* _Stored items_
• • • • • • •

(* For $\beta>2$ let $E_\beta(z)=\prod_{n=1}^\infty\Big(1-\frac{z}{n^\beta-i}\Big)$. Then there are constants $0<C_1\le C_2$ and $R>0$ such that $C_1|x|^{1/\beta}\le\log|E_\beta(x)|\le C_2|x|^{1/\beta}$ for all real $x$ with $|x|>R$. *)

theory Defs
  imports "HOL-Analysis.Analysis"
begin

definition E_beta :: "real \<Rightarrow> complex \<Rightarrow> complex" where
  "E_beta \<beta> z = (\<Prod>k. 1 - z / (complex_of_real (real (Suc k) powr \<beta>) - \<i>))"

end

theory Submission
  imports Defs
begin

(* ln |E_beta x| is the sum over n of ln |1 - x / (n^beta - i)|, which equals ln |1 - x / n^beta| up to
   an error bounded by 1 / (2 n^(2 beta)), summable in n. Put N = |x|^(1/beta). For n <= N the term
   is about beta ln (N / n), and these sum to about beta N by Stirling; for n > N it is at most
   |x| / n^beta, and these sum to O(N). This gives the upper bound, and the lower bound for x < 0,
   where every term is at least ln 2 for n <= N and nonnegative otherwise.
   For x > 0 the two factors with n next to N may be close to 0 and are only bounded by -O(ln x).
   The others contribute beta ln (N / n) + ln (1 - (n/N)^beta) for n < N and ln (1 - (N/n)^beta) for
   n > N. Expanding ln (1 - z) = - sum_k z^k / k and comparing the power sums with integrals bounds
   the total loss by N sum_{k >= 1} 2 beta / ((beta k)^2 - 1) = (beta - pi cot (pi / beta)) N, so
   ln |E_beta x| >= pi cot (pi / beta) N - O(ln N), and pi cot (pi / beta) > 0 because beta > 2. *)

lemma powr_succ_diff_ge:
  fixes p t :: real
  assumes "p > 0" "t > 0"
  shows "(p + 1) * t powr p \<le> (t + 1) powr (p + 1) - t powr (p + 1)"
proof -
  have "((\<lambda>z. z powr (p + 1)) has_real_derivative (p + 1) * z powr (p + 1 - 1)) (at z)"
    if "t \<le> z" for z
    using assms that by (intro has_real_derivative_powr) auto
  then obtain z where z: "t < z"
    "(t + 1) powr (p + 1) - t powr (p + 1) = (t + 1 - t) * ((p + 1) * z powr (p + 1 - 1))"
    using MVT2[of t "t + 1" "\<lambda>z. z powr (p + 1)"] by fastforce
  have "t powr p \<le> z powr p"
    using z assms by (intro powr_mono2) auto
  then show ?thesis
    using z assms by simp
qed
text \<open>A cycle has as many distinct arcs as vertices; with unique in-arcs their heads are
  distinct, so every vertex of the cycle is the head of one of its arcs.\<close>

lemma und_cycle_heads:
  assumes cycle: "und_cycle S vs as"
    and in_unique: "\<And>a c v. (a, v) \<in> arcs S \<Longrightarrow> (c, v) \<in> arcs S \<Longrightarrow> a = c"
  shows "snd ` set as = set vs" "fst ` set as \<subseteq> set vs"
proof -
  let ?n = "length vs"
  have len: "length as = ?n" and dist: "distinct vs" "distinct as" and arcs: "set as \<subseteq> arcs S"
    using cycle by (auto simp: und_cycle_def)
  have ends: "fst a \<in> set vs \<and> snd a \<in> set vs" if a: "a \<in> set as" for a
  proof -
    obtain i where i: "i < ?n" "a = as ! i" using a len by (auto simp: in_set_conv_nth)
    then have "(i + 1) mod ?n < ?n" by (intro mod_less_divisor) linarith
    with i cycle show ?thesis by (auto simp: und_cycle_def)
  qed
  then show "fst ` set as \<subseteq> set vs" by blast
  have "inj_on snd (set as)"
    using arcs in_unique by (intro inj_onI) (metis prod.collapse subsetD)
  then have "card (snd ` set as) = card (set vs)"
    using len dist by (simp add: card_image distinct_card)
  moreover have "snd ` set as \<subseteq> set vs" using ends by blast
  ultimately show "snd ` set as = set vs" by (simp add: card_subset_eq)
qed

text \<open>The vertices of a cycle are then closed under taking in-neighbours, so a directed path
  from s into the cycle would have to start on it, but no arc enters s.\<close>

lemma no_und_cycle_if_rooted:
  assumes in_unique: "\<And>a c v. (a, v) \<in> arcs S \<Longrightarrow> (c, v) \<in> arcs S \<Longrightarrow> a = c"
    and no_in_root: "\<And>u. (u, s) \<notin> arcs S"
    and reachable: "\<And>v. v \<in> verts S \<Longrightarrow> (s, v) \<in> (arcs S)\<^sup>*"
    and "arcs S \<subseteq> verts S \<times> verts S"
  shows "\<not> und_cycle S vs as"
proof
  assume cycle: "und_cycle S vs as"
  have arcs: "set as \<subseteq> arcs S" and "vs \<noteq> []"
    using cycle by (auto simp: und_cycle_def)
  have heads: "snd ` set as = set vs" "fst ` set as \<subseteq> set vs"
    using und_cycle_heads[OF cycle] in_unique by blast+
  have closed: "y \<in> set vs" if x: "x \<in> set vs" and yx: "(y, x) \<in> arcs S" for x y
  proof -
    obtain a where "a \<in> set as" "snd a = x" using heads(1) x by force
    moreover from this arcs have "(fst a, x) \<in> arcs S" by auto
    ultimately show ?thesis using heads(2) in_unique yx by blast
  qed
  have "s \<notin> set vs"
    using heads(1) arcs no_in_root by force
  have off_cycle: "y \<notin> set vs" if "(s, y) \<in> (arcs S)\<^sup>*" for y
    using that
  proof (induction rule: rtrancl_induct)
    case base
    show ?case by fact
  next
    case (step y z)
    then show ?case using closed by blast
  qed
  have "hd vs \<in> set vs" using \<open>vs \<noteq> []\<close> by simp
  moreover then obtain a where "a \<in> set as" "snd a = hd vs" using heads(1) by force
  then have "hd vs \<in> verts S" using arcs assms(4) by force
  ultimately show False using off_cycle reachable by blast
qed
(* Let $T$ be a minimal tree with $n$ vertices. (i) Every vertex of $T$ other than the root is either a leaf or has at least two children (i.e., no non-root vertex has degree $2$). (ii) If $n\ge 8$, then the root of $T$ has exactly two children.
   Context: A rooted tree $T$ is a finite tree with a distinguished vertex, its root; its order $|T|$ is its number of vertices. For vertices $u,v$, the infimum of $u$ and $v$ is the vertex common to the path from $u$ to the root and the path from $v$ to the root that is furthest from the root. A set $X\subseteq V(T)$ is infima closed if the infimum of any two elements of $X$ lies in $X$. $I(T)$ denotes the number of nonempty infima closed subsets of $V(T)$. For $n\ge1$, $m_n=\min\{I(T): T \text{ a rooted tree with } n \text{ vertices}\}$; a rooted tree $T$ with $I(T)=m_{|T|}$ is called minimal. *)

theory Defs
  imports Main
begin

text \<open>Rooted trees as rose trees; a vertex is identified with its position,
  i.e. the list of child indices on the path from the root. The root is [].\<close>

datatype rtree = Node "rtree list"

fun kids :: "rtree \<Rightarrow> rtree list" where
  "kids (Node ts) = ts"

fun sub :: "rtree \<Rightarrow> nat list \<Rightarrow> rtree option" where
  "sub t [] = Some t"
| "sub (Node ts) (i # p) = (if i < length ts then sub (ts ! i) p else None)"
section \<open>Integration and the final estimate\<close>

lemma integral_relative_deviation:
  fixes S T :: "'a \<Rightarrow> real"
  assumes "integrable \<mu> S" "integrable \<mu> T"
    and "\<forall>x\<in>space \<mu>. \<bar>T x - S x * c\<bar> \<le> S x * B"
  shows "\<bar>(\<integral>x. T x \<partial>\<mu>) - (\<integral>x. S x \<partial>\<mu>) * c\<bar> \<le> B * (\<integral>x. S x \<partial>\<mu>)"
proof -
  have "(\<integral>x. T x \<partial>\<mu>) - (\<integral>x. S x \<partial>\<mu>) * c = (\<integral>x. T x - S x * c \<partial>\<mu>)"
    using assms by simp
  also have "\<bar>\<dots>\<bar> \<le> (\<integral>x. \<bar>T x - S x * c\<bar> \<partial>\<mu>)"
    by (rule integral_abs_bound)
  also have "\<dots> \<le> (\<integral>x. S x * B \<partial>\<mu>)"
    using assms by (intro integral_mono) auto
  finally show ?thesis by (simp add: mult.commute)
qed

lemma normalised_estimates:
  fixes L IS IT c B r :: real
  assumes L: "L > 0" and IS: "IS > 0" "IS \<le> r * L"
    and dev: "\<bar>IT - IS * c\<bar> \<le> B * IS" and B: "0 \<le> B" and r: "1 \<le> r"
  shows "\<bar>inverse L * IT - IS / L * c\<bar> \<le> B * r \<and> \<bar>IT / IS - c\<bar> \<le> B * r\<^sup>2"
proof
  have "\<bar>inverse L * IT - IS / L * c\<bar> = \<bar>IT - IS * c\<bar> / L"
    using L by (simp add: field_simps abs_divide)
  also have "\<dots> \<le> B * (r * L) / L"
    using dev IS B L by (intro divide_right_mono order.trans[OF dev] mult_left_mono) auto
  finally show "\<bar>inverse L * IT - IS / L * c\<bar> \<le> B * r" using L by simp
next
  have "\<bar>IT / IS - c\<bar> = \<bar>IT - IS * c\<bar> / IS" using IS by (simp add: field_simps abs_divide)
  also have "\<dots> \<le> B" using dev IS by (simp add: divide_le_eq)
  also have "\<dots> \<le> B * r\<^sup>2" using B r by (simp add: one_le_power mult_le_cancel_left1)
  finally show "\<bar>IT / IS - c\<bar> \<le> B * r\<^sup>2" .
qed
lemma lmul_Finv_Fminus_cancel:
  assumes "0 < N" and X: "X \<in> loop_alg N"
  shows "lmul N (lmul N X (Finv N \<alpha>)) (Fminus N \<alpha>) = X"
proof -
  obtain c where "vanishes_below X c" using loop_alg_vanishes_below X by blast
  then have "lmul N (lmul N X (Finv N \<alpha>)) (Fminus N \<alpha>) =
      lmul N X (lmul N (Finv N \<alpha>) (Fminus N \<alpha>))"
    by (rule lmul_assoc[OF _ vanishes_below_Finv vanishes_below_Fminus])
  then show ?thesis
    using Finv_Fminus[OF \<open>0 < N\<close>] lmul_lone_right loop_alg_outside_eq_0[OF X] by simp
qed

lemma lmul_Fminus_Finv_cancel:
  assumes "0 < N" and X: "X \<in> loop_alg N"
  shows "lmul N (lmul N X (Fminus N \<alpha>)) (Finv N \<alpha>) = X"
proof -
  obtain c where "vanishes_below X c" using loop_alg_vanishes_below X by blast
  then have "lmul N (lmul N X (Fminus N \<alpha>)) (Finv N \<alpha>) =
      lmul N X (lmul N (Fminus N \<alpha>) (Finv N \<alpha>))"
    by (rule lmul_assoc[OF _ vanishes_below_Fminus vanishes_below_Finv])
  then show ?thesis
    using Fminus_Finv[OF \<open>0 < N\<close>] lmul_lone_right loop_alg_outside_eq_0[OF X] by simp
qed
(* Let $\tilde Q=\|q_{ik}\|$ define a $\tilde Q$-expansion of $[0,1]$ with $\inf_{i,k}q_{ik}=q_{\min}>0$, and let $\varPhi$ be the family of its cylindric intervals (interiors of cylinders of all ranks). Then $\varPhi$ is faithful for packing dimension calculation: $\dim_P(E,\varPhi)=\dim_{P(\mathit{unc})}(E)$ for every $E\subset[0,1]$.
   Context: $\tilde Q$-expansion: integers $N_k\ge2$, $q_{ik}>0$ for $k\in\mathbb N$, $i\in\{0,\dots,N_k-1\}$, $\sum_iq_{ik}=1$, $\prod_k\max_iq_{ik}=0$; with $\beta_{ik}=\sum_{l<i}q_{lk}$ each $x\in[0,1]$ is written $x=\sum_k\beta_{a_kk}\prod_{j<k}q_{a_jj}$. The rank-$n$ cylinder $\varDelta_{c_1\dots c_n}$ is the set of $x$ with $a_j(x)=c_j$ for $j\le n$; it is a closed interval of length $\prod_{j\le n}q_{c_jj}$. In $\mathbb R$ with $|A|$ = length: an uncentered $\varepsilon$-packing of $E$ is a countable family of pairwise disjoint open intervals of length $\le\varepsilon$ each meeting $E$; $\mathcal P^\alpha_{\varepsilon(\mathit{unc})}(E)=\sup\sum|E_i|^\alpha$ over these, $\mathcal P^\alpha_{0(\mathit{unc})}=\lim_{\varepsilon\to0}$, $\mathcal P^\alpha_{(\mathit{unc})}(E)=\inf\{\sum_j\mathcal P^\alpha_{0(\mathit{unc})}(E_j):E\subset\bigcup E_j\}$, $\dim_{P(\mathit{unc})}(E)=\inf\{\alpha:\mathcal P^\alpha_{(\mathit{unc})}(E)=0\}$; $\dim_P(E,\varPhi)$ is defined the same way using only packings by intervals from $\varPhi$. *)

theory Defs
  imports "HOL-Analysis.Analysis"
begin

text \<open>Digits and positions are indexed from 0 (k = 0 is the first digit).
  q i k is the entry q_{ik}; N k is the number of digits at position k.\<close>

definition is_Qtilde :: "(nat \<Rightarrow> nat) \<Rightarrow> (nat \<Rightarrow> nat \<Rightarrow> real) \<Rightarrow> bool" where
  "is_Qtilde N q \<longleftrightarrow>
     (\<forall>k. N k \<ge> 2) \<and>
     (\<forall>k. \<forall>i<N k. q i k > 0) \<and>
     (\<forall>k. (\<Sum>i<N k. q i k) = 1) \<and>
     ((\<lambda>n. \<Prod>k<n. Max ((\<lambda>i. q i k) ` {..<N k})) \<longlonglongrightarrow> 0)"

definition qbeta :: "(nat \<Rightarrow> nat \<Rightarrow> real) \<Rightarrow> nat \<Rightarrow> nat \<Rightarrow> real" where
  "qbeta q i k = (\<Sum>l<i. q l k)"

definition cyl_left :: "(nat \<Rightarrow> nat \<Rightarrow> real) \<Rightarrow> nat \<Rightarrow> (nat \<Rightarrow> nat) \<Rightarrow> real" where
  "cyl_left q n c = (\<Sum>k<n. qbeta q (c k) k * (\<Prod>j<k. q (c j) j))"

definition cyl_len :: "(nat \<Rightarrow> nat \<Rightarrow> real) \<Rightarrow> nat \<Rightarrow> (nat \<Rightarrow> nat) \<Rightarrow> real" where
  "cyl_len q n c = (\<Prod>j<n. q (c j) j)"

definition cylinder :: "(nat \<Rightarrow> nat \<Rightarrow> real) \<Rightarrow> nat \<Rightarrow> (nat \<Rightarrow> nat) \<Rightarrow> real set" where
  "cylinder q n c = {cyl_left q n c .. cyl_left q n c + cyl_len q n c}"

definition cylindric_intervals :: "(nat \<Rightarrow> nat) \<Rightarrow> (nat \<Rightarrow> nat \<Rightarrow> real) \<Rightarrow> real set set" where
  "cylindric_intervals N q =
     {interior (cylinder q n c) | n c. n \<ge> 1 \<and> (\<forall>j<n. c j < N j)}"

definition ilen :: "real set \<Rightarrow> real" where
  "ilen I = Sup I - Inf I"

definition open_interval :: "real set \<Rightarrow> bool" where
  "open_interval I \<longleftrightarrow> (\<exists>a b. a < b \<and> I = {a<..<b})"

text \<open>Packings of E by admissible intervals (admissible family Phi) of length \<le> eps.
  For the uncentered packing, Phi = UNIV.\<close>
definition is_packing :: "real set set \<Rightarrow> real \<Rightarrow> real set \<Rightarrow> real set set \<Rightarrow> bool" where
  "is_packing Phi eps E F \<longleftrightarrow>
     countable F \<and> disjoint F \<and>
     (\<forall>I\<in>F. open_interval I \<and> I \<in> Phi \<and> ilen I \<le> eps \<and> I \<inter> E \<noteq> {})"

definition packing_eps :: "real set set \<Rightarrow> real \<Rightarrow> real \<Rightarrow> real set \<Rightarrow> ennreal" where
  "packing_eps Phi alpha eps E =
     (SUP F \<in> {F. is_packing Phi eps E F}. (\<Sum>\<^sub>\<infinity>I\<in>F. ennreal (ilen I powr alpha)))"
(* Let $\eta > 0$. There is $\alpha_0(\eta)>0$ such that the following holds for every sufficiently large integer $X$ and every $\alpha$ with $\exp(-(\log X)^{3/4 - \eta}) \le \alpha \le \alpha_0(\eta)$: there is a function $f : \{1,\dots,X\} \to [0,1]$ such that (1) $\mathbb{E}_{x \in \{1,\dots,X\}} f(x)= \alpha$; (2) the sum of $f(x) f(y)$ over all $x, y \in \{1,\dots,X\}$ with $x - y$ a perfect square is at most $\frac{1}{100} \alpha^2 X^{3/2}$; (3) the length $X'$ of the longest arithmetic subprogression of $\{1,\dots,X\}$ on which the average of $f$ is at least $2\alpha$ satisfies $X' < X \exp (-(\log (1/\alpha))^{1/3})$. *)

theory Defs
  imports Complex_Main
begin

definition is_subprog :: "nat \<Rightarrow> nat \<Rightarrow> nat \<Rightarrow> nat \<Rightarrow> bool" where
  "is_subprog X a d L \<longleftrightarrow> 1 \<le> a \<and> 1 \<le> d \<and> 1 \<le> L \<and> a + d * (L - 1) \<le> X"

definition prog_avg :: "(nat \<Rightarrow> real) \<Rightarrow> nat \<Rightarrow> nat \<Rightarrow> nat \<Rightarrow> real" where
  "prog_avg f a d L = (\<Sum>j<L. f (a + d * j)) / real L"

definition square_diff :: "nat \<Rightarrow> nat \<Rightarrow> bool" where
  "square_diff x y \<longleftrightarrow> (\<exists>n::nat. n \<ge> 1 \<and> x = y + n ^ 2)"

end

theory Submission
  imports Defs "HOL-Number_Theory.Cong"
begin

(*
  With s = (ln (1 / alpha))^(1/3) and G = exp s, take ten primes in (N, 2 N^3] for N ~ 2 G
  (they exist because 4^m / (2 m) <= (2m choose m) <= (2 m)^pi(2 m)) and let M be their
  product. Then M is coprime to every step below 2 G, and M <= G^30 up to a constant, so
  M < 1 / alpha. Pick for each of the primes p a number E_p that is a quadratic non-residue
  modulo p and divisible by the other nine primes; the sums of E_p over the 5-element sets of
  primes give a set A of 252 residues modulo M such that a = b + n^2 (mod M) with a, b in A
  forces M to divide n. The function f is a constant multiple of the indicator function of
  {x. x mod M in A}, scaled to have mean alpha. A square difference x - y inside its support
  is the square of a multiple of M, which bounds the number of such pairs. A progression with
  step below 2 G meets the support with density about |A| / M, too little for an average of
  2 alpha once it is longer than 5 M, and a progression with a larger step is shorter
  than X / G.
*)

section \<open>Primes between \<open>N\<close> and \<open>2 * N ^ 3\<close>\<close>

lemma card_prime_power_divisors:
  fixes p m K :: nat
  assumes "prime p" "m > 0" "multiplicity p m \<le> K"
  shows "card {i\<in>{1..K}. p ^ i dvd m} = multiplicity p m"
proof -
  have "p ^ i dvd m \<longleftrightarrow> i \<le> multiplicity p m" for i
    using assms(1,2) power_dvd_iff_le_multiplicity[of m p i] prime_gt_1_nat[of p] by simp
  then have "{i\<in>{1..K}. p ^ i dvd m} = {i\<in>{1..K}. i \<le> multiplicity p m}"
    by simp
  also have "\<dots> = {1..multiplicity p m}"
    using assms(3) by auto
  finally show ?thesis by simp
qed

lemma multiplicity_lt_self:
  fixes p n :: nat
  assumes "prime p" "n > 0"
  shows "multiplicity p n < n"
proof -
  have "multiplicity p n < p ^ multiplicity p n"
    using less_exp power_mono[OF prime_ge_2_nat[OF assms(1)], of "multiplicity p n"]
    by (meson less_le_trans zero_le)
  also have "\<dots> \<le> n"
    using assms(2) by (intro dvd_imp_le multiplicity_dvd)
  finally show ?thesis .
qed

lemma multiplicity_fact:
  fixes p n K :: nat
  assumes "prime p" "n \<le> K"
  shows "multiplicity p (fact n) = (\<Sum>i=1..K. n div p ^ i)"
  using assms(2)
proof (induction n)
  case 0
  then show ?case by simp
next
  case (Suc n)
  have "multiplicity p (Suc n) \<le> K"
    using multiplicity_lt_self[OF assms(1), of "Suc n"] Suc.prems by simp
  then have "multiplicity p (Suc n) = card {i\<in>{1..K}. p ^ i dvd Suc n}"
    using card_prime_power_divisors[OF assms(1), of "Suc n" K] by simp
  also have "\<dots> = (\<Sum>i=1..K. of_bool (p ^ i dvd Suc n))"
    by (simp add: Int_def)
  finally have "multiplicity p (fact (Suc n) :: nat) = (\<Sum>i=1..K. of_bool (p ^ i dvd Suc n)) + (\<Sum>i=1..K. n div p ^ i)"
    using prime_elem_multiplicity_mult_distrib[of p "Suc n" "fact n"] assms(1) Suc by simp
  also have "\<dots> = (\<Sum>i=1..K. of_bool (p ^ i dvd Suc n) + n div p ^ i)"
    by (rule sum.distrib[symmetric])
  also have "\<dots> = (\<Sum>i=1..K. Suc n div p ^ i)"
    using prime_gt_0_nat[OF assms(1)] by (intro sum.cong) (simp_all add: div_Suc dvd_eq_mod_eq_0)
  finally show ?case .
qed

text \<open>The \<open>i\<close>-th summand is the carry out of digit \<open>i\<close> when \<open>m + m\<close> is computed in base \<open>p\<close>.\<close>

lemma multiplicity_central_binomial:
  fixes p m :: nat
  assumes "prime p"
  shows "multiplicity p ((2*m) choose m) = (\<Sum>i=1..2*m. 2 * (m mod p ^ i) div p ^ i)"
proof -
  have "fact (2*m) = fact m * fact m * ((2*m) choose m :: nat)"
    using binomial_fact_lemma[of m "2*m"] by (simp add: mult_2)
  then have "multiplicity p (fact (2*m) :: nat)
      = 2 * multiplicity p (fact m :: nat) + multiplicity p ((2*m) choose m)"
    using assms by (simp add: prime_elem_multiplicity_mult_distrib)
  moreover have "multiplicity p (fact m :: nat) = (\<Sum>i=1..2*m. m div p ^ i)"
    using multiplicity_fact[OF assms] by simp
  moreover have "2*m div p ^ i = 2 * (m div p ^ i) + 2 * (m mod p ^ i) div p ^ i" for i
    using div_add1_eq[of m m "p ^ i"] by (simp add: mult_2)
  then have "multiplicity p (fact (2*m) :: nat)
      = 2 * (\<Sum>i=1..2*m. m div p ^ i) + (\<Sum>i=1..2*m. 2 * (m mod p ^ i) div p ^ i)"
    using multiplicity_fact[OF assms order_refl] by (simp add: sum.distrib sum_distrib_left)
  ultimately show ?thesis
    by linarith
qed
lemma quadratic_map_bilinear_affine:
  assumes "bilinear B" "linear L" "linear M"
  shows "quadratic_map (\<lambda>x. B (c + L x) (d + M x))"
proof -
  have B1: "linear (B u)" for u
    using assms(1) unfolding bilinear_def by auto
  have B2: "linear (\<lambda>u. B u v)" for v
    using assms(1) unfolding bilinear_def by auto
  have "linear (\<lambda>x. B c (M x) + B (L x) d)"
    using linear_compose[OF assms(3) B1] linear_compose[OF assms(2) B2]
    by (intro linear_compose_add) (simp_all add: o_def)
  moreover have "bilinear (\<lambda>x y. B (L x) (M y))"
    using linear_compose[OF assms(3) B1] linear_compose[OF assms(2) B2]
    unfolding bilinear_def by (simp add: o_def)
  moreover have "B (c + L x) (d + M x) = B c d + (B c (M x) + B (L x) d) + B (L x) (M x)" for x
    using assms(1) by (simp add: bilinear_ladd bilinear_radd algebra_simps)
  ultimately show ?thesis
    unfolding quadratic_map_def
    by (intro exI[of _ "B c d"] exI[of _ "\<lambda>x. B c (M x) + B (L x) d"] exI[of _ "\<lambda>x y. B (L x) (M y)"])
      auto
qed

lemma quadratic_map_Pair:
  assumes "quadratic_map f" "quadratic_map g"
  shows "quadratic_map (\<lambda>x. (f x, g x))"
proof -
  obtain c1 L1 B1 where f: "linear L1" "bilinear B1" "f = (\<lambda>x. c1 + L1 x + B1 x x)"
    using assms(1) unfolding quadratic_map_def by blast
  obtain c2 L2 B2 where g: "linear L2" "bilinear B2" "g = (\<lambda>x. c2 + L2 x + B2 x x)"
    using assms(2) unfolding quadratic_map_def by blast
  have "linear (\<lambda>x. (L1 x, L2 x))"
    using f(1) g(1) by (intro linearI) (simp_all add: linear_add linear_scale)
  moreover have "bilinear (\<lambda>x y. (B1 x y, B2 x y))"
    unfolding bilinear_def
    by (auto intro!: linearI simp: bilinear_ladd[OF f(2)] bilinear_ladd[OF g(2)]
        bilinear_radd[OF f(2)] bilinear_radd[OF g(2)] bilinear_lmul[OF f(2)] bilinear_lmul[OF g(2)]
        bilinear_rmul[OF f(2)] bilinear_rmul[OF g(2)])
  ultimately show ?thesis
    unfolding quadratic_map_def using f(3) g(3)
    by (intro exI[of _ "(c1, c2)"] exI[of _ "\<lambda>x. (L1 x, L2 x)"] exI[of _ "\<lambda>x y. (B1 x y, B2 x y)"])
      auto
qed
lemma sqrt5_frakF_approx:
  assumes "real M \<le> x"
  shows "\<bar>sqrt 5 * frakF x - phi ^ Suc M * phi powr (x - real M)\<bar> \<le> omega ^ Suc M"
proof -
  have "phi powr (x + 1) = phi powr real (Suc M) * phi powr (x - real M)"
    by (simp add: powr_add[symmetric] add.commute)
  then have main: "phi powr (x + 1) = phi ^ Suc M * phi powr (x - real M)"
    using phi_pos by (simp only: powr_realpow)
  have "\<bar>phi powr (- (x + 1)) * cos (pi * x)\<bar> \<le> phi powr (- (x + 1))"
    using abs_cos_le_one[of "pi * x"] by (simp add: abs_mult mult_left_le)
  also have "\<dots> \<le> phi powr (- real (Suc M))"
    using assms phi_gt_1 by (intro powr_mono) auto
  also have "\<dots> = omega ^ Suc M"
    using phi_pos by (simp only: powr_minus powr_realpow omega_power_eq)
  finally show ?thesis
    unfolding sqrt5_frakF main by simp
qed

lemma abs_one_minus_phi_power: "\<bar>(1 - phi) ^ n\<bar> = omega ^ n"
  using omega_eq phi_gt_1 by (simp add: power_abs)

• • • • • • •

* _Task brief_
Extract exactly and only the lines above from the line containing "m) = (\<Sum>i=1..2*m." through the line containing "using div_add1_eq[of m", both end lines included.

* _Written answer_
  shows "multiplicity p ((2*m) choose m) = (\<Sum>i=1..2*m. 2 * (m mod p ^ i) div p ^ i)"
proof -
  have "fact (2*m) = fact m * fact m * ((2*m) choose m :: nat)"
    using binomial_fact_lemma[of m "2*m"] by (simp add: mult_2)
  then have "multiplicity p (fact (2*m) :: nat)
      = 2 * multiplicity p (fact m :: nat) + multiplicity p ((2*m) choose m)"
    using assms by (simp add: prime_elem_multiplicity_mult_distrib)
  moreover have "multiplicity p (fact m :: nat) = (\<Sum>i=1..2*m. m div p ^ i)"
    using multiplicity_fact[OF assms] by simp
  moreover have "2*m div p ^ i = 2 * (m div p ^ i) + 2 * (m mod p ^ i) div p ^ i" for i
    using div_add1_eq[of m m "p ^ i"] by (simp add: mult_2)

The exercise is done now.